Take 3 vertex that form a triangle.
Vertex1=(1,1,1)
Vertex2=(2,2,2)
Vertex3=(3,3,3)
What's the formula to obtain the normal of this plane? Thanks in advance and sorry for my bad english (i'm from Quebec)...

Bob
03-14-2000, 05:25 AM
Hello

You can calculate the normal by using cross products.

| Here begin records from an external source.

(* Let $q\ge2$. If $f$ is a $q$-quasiadditive function, then $f(0)=0$ and $f(qa)=f(a)$ for all nonnegative integers $a$. If $f$ is a $q$-quasimultiplicative function, then $f(0)=1$ unless $f$ is identically $0$, and $f(qa)=f(a)$ for all nonnegative integers $a$.
   Context: A function $f$ on the nonnegative integers is $q$-quasiadditive if there is a nonnegative integer $r$ such that $f(q^{k+r}a+b)=f(a)+f(b)$ for all nonnegative integers $a,b,k$ with $0\le b<q^k$; it is $q$-quasimultiplicative if there is a nonnegative integer $r$ such that $f(q^{k+r}a+b)=f(a)f(b)$ for all such $a,b,k$. *)

theory Defs
  imports Complex_Main
begin

definition q_quasiadditive :: "nat \<Rightarrow> (nat \<Rightarrow> complex) \<Rightarrow> bool" where
  "q_quasiadditive q f \<longleftrightarrow> (\<exists>r::nat. \<forall>a b k::nat. b < q ^ k \<longrightarrow>
      f (q ^ (k + r) * a + b) = f a + f b)"

definition q_quasimultiplicative :: "nat \<Rightarrow> (nat \<Rightarrow> complex) \<Rightarrow> bool" where
  "q_quasimultiplicative q f \<longleftrightarrow> (\<exists>r::nat. \<forall>a b k::nat. b < q ^ k \<longrightarrow>
      f (q ^ (k + r) * a + b) = f a * f b)"

end

theory Submission
  imports Defs
begin

text \<open>All claims come from evaluating the defining identity at tiny arguments.
With \<open>a = b = k = 0\<close> one gets \<open>f 0 = f 0 + f 0\<close>, resp. \<open>f 0 = f 0 * f 0\<close>.
Both \<open>q a\<close> (with \<open>k = 0\<close>) and \<open>a\<close> (with \<open>k = 1\<close>) are placed in front of the
same block of \<open>r + 1\<close> zero digits, so \<open>f (q a) \<star> f 0 = f a \<star> f 0\<close>; this gives
\<open>f (q a) = f a\<close> once \<open>f 0\<close> is the neutral element. Finally, in the
multiplicative case \<open>f 0 = 0\<close> forces \<open>f n = f (q^r \<cdot> 0 + n) = f 0 * f n = 0\<close>.\<close>

lemma scaled_blocks_same_value:
  fixes f :: "nat \<Rightarrow> 'a" and op :: "'a \<Rightarrow> 'a \<Rightarrow> 'a"
  assumes "q \<ge> 2"
    and H: "\<And>a b k. b < q ^ k \<Longrightarrow> f (q ^ (k + r) * a + b) = op (f a) (f b)"
  shows "op (f (q * a)) (f 0) = op (f a) (f 0)"
proof -
  have "q ^ (0 + r) * (q * a) + 0 = q ^ (1 + r) * a + 0"
    by (simp add: mult_ac)
  then show ?thesis
    using H[of 0 0 "q * a"] H[of 0 1 a] \<open>q \<ge> 2\<close> by (simp only: power_0) simp
qed

lemma q_quasiadditive_at_0:
  assumes "q_quasiadditive q f"
  shows "f 0 = 0"
proof -
  from assms obtain r where "f (q ^ (0 + r) * 0 + 0) = f 0 + f 0"
    unfolding q_quasiadditive_def by (metis less_one power_0)
  then show ?thesis by simp
qed

lemma q_quasiadditive_mult_base:
  assumes "q \<ge> 2" and "q_quasiadditive q f"
  shows "f (q * a) = f a"
proof -
  from assms(2) obtain r
    where "\<And>a b k. b < q ^ k \<Longrightarrow> f (q ^ (k + r) * a + b) = f a + f b"
    unfolding q_quasiadditive_def by blast
  with \<open>q \<ge> 2\<close> have "f (q * a) + f 0 = f a + f 0"
    by (rule scaled_blocks_same_value)
  then show ?thesis by simp
qed

lemma q_quasimultiplicative_at_0:
  assumes "q \<ge> 2" and "q_quasimultiplicative q f"
  shows "f 0 = 1 \<or> (\<forall>n. f n = 0)"
proof -
  from assms(2) obtain r
    where H: "\<And>a b k. b < q ^ k \<Longrightarrow> f (q ^ (k + r) * a + b) = f a * f b"
    unfolding q_quasimultiplicative_def by blast
  have idem: "f 0 = f 0 * f 0"
    using H[of 0 0 0] by simp
  have "f n = 0" if "f 0 = 0" for n
  proof -
    have "n < 2 ^ n" by (rule less_exp)
    also have "\<dots> \<le> q ^ n" using \<open>q \<ge> 2\<close> by (rule power_mono) simp
    finally show ?thesis using H[of n n 0] that by simp
  qed
  with idem show ?thesis
    by (metis mult_cancel_left1)
qed

lemma q_quasimultiplicative_mult_base:
  assumes "q \<ge> 2" and "q_quasimultiplicative q f"
  shows "f (q * a) = f a"
  using q_quasimultiplicative_at_0[OF assms]
proof
  assume "f 0 = 1"
  from assms(2) obtain r
    where "\<And>a b k. b < q ^ k \<Longrightarrow> f (q ^ (k + r) * a + b) = f a * f b"
    unfolding q_quasimultiplicative_def by blast
  with \<open>q \<ge> 2\<close> have "f (q * a) * f 0 = f a * f 0"
    by (rule scaled_blocks_same_value)
  with \<open>f 0 = 1\<close> show ?thesis by simp
qed simp

theorem lemma6:
  fixes q :: nat
  assumes "q \<ge> 2"
  shows "(\<forall>f. q_quasiadditive q f \<longrightarrow> f 0 = 0 \<and> (\<forall>a. f (q * a) = f a))
       \<and> (\<forall>f. q_quasimultiplicative q f \<longrightarrow>
            (f 0 = 1 \<or> (\<forall>n. f n = 0)) \<and> (\<forall>a. f (q * a) = f a))"
  using assms q_quasiadditive_at_0 q_quasiadditive_mult_base
    q_quasimultiplicative_at_0 q_quasimultiplicative_mult_base
  by blast

end
(* For every integer $n \geq 1$, $$\sum_{\pi \vdash n} t(\pi) = \sum_{i \geq 1} S(i)\, p(n-i).$$
   Context: $p(m)$ is the number of partitions of $m$, with $p(0)=1$ and $p(m)=0$ for $m<0$. For a partition $\pi$, $f_i$ denotes the number of times $i$ appears as a part of $\pi$, and $t(\pi)$ is the nonnegative integer such that $f_i$ is odd for all $1 \leq i \leq t(\pi)$ and $f_{t(\pi)+1}$ is even (possibly zero). The rank of a partition is its largest part minus its number of parts. For $i \geq 1$, $S(i)$ is the number of partitions of $i$ into distinct parts with even rank minus the number of partitions of $i$ into distinct parts with odd rank. *)

theory Defs
  imports Main "HOL-Library.Multiset"
begin

definition partitions :: "nat \<Rightarrow> nat multiset set" where
  "partitions m = {P. (\<forall>x\<in>#P. 0 < x) \<and> sum_mset P = m}"

definition npart :: "int \<Rightarrow> int" where
  "npart m = (if m < 0 then 0 else int (card (partitions (nat m))))"

text \<open>t(P): least t with f_{t+1} even; then f_i is odd for all 1 <= i <= t.\<close>
definition tstat :: "nat multiset \<Rightarrow> nat" where
  "tstat P = (LEAST t. even (count P (t + 1)))"

definition prank :: "nat multiset \<Rightarrow> int" where
  "prank P = int (Max (set_mset P)) - int (size P)"

definition distinct_partitions :: "nat \<Rightarrow> nat multiset set" where
  "distinct_partitions m = {P \<in> partitions m. \<forall>x. count P x \<le> 1}"

definition S :: "nat \<Rightarrow> int" where
  "S i = int (card {P \<in> distinct_partitions i. even (prank P)})
       - int (card {P \<in> distinct_partitions i. odd (prank P)})"

end

theory Submission
  imports Defs "HOL-Computational_Algebra.Formal_Power_Series"
begin

(* Let D_k = \<Prod>j\<le>k. X^j / (1 + X^j); its coefficient of X^i is the number of partitions of i
   into k distinct parts, counted with sign (-1)^rank, so \<Sum>k. D_k = \<Sum>i. S i X^i.
   Multiplying the partition generating function \<Prod>j. 1 / (1 - X^j) by D_k replaces, for every
   j \<le> k, the factor 1 / (1 - X^j) by X^j / (1 - X^(2j)), which generates the odd multiplicities
   of j. Hence the coefficient of X^n in D_k times the partition generating function counts the
   partitions \<pi> of n with t(\<pi>) \<ge> k, and summing over k gives \<Sum> t(\<pi>). Everything is proved
   for truncated products over j \<le> N in int fps, using D_k (1 + X^k) = X^k D_(k-1) and
   cancelling 1 + X^k instead of dividing. *)

unbundle fps_syntax

lemma sum_eq_sum_card_ge:
  fixes f :: "'a \<Rightarrow> nat"
  assumes "finite A" "\<forall>x\<in>A. f x \<le> n"
  shows "(\<Sum>x\<in>A. f x) = (\<Sum>k\<in>{1..n}. card {x\<in>A. k \<le> f x})"
proof -
  have "{1..n} \<inter> {k. k \<le> f x} = {1..f x}" if "x \<in> A" for x
    using assms that by auto
  then have "(\<Sum>x\<in>A. f x) = (\<Sum>x\<in>A. \<Sum>k\<in>{1..n}. of_bool (k \<le> f x))"
    by (intro sum.cong) (simp_all add: sum_of_bool_eq)
  also have "\<dots> = (\<Sum>k\<in>{1..n}. \<Sum>x\<in>A. of_bool (k \<le> f x))"
    by (rule sum.swap)
  also have "\<dots> = (\<Sum>k\<in>{1..n}. card {x\<in>A. k \<le> f x})"
    using assms by (simp add: sum_of_bool_eq Int_def)
  finally show ?thesis .
qed

lemma prod_of_bool:
  "finite A \<Longrightarrow> (\<Prod>x\<in>A. of_bool (P x) :: 'a::comm_semiring_1) = of_bool (\<forall>x\<in>A. P x)"
  by (induction A rule: finite_induct) auto

lemma sum_multiples:
  fixes g :: "nat \<Rightarrow> 'a::comm_monoid_add"
  assumes "0 < a"
  shows "(\<Sum>i\<le>m. if a dvd i then g (i div a) else 0) = (\<Sum>c\<le>m div a. g c)"
proof -
  have "{i. i \<le> m \<and> a dvd i} = (\<lambda>c. a * c) ` {..m div a}"
    using assms by (auto simp: less_eq_div_iff_mult_less_eq mult.commute elim!: dvdE)
  then have "(\<Sum>i\<le>m. if a dvd i then g (i div a) else 0) = (\<Sum>i\<in>(\<lambda>c. a * c) ` {..m div a}. g (i div a))"
    by (simp add: sum.inter_filter[symmetric] Collect_conj_eq Int_commute atMost_def)
  also have "\<dots> = (\<Sum>c\<le>m div a. g c)"
    using assms by (simp add: sum.reindex inj_on_def)
  finally show ?thesis .
qed

lemma card_le_sum_nat: "finite A \<Longrightarrow> 0 \<notin> A \<Longrightarrow> card A \<le> \<Sum>A"
  for A :: "nat set"
proof -
  assume "finite A" "0 \<notin> A"
  then have "(\<Sum>_\<in>A. 1) \<le> \<Sum>A"
    by (intro sum_mono) (metis One_nat_def Suc_leI neq0_conv)
  then show ?thesis by simp
qed

lemma subset_range_Suc: "0 \<notin> A \<Longrightarrow> A \<subseteq> range Suc"
  by (metis greaterThan_0 greaterThan_iff neq0_conv subsetI)

lemma sum_Suc_image: "\<Sum>(Suc ` B) = \<Sum>B + card B"
  using sum_Suc[of "\<lambda>x. x" B] by (simp add: sum.reindex)

lemma size_le_sum_mset: "(\<forall>x\<in>#P. 0 < x) \<Longrightarrow> size P \<le> sum_mset (P :: nat multiset)"
  by (induction P) auto

lemma count_times_le_sum_mset: "x * count P x \<le> sum_mset (P :: nat multiset)"
  by (induction P) auto

lemma count_greater_sum_mset: "sum_mset (P :: nat multiset) < x \<Longrightarrow> count P x = 0"
  using count_times_le_sum_mset[of x P] by (cases "count P x") auto

lemma mset_set_set_mset_eq: "\<forall>x. count P x \<le> 1 \<Longrightarrow> mset_set (set_mset P) = P"
proof (rule multiset_eqI)
  fix x assume "\<forall>x. count P x \<le> 1"
  then have "count P x \<le> 1" by blast
  then show "count (mset_set (set_mset P)) x = count P x"
    by (cases "count P x") (auto simp: count_mset_set' not_in_iff)
qed

section \<open>Partitions and the statistic t\<close>

lemma finite_partitions: "finite (partitions m)"
proof -
  have "partitions m \<subseteq> mset ` {xs. set xs \<subseteq> {..m} \<and> length xs \<le> m}"
  proof
    fix P assume P: "P \<in> partitions m"
    obtain xs where xs: "P = mset xs" using ex_mset by metis
    have "\<forall>x\<in>#P. x \<le> m"
      using P by (auto simp: partitions_def dest!: multi_member_split)
    moreover have "size P \<le> m"
      using P size_le_sum_mset[of P] by (simp add: partitions_def)
    ultimately
    show "P \<in> mset ` {xs. set xs \<subseteq> {..m} \<and> length xs \<le> m}"
      using xs by auto
  qed
  moreover have "finite {xs. set xs \<subseteq> {..m} \<and> length xs \<le> m}"
    by (rule finite_lists_length_le) simp
  ultimately show ?thesis by (rule finite_subset[OF _ finite_imageI])
qed

lemma tstat_le_sum_mset: "tstat P \<le> sum_mset P"
  unfolding tstat_def by (intro Least_le) (simp add: count_greater_sum_mset)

p1, p2 and p3 is your three points in space.
v1 is a vector from p1 to p2
v2 is a vector from p1 to p3

n is the normal calculated by using crosspruduct, v1 x v2.
v1.x = p2.x - p1.x
v1.y = p2.y - p1.y
v1.z = p2.z - p1.z

v2.x = p3.x - p1.x
v2.y = p3.y - p1.y
v2.z = p3.z - p1.z

n.x = (v1.y * v2.z) - (v2.y * v1.z)
n.y = (v1.z * v2.x) - (v2.z * v1.x)
n.z = (v1.x * v2.y) - (v2.x * v1.y)

You have to be carefull with how you cross the two vectors. If you cross them 'in the wrong order', your normal will be pointing the wrong way. You might have to swap v1 and v2. (v1 x v2) != (v2 x v1)

Bob

Popol_Dallaire
03-14-2000, 05:43 AM
Thanks! Exactly the kind of answer i was waiting for!